WHAT THE TASK REQUIRES = Spot each line in the data below containing "forall" and copy it.

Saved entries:
== Segment start ==

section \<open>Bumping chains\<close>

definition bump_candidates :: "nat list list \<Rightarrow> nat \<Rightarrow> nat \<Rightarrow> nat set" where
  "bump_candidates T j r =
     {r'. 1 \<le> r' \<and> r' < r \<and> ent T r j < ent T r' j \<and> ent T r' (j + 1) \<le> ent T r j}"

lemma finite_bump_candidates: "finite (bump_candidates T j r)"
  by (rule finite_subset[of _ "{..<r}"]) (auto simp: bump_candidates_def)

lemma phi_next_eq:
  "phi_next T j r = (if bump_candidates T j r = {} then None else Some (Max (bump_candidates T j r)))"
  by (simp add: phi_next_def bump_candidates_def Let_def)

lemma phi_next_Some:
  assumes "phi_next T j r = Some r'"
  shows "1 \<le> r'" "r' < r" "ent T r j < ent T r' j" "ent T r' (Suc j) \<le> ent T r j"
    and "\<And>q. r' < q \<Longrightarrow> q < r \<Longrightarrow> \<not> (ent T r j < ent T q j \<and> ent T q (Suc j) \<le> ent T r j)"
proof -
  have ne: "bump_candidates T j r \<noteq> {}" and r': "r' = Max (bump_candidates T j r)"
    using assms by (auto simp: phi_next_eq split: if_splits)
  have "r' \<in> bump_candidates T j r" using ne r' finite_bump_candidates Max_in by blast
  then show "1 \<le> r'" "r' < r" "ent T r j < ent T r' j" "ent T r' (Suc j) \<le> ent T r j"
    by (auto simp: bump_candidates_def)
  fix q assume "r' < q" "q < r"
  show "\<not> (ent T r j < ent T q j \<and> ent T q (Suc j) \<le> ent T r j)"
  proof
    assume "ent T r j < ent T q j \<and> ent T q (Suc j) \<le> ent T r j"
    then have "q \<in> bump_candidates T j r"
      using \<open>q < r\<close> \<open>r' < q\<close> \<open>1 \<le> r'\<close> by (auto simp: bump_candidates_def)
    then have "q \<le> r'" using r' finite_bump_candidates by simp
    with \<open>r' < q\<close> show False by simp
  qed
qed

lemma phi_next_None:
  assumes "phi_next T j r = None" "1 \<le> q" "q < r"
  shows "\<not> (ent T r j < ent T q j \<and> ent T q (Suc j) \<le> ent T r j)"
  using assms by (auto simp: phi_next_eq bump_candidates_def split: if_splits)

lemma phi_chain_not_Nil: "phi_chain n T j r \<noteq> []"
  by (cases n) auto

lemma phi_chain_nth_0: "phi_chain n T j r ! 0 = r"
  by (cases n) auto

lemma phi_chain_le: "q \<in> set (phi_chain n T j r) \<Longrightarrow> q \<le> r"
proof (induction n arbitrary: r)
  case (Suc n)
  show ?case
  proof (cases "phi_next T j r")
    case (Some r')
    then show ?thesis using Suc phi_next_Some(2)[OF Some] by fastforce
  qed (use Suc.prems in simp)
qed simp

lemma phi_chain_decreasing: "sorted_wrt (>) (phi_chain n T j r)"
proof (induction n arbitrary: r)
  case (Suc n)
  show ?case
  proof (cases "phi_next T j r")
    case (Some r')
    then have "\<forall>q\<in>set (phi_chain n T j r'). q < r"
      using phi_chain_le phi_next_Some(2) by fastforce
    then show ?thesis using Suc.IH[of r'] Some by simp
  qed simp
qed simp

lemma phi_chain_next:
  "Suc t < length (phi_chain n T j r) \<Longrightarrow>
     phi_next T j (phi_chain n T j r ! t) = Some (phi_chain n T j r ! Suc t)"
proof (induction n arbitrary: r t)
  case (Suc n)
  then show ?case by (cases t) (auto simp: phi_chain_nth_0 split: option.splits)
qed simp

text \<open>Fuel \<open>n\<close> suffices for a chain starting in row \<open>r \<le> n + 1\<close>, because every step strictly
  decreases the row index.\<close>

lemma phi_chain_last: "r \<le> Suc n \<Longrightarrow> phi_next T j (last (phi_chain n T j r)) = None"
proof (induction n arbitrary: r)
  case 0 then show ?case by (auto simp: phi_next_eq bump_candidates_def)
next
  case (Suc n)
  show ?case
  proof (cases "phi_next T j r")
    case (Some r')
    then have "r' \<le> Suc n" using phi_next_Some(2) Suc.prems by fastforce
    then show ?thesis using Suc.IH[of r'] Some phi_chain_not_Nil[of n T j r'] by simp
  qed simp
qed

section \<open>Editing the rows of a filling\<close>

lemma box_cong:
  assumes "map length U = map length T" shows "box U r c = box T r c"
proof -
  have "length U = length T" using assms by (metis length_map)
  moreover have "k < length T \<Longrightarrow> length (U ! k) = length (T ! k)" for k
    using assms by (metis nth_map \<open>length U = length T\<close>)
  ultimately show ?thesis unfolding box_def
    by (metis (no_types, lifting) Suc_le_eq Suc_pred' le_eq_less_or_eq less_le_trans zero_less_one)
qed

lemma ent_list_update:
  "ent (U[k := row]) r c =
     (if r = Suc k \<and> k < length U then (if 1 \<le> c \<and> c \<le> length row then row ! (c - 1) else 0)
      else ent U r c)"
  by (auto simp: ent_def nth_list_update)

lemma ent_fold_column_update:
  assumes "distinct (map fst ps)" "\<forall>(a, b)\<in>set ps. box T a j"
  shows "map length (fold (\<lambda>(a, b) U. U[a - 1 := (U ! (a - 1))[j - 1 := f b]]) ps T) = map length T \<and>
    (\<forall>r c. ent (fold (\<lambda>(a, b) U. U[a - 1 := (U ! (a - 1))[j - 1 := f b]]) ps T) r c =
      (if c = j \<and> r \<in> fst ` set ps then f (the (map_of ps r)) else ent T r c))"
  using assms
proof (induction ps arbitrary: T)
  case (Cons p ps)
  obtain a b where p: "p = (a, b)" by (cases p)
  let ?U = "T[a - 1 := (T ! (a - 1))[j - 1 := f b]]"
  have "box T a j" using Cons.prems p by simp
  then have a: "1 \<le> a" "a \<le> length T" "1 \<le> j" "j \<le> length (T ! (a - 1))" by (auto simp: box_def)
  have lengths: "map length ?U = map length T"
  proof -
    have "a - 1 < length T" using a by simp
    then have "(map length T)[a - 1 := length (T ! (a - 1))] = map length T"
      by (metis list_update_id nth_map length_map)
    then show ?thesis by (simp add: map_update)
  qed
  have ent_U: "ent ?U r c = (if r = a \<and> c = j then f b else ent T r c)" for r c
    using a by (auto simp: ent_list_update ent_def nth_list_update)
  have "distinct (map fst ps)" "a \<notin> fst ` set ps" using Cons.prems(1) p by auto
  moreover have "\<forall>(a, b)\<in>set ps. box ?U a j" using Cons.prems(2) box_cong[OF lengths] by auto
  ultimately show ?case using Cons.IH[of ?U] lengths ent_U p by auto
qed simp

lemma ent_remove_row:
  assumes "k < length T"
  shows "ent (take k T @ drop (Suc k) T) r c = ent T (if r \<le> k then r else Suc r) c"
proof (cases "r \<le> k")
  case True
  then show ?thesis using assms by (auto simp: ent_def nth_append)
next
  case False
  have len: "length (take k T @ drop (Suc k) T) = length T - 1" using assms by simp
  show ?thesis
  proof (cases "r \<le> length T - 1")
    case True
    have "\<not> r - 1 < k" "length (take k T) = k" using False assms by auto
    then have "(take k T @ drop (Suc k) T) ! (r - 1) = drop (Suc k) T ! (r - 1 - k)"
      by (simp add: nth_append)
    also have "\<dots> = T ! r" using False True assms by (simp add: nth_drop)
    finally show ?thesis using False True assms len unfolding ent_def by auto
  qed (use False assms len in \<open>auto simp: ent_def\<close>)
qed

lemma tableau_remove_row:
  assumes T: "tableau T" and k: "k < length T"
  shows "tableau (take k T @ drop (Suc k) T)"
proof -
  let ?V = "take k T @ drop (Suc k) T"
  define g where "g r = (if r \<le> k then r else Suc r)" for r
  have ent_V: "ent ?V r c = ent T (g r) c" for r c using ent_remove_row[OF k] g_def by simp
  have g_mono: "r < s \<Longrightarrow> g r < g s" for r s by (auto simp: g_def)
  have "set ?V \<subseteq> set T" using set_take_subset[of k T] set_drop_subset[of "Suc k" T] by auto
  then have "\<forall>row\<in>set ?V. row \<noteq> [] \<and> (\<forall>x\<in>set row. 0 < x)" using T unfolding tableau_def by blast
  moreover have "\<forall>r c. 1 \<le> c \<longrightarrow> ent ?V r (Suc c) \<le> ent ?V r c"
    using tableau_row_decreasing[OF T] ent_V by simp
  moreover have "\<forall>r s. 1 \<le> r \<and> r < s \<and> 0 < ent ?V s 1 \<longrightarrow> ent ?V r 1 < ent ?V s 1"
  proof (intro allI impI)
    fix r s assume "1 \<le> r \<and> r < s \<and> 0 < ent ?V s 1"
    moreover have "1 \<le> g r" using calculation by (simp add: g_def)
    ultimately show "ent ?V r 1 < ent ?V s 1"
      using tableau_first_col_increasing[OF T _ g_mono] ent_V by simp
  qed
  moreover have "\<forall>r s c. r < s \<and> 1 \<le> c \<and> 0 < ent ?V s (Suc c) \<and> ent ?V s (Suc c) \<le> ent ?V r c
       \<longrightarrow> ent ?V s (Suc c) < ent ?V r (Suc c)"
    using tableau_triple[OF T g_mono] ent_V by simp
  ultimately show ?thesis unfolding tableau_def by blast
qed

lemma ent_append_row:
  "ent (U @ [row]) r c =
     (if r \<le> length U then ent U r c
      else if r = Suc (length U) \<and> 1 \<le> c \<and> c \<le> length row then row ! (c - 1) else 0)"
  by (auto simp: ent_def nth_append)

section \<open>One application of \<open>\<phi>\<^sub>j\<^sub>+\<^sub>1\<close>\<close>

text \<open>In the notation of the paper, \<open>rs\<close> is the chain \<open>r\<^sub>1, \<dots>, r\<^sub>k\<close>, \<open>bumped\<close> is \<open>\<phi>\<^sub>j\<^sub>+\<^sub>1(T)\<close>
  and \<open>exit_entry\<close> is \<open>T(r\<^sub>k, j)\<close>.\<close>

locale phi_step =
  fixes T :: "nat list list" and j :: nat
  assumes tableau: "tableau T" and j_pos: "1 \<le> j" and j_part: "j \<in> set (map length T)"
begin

== Segment end ==
== Segment start ==

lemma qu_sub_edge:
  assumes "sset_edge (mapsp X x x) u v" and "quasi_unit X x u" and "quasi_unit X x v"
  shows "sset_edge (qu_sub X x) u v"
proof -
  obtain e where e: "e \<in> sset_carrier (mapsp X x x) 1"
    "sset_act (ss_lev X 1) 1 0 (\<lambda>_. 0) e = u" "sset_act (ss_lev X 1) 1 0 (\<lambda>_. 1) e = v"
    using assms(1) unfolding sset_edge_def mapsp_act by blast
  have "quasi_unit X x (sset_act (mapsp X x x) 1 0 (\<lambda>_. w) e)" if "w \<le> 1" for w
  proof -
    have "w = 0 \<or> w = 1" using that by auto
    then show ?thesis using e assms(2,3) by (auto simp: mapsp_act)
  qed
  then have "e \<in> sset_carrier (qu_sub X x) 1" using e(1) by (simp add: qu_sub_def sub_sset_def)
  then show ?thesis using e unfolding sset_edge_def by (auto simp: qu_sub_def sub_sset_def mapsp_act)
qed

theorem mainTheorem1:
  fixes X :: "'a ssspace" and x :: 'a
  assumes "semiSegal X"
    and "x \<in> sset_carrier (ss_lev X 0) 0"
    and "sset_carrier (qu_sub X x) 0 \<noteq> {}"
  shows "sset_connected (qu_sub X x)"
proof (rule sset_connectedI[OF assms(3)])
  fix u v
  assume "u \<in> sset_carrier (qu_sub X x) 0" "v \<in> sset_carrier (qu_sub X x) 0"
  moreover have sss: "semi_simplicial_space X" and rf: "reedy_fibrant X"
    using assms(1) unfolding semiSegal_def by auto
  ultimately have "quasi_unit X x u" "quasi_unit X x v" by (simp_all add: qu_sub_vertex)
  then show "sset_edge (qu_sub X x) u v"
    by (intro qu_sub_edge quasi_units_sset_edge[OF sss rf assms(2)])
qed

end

== Segment end ==

RESPONSE TO THIS EXERCISE =
    then have "\<forall>q\<in>set (phi_chain n T j r'). q < r"
  assumes "distinct (map fst ps)" "\<forall>(a, b)\<in>set ps. box T a j"
    (\<forall>r c. ent (fold (\<lambda>(a, b) U. U[a - 1 := (U ! (a - 1))[j - 1 := f b]]) ps T) r c =
  moreover have "\<forall>(a, b)\<in>set ps. box ?U a j" using Cons.prems(2) box_cong[OF lengths] by auto
  then have "\<forall>row\<in>set ?V. row \<noteq> [] \<and> (\<forall>x\<in>set row. 0 < x)" using T unfolding tableau_def by blast
  moreover have "\<forall>r c. 1 \<le> c \<longrightarrow> ent ?V r (Suc c) \<le> ent ?V r c"
  moreover have "\<forall>r s. 1 \<le> r \<and> r < s \<and> 0 < ent ?V s 1 \<longrightarrow> ent ?V r 1 < ent ?V s 1"
  moreover have "\<forall>r s c. r < s \<and> 1 \<le> c \<and> 0 < ent ?V s (Suc c) \<and> ent ?V s (Suc c) \<le> ent ?V r c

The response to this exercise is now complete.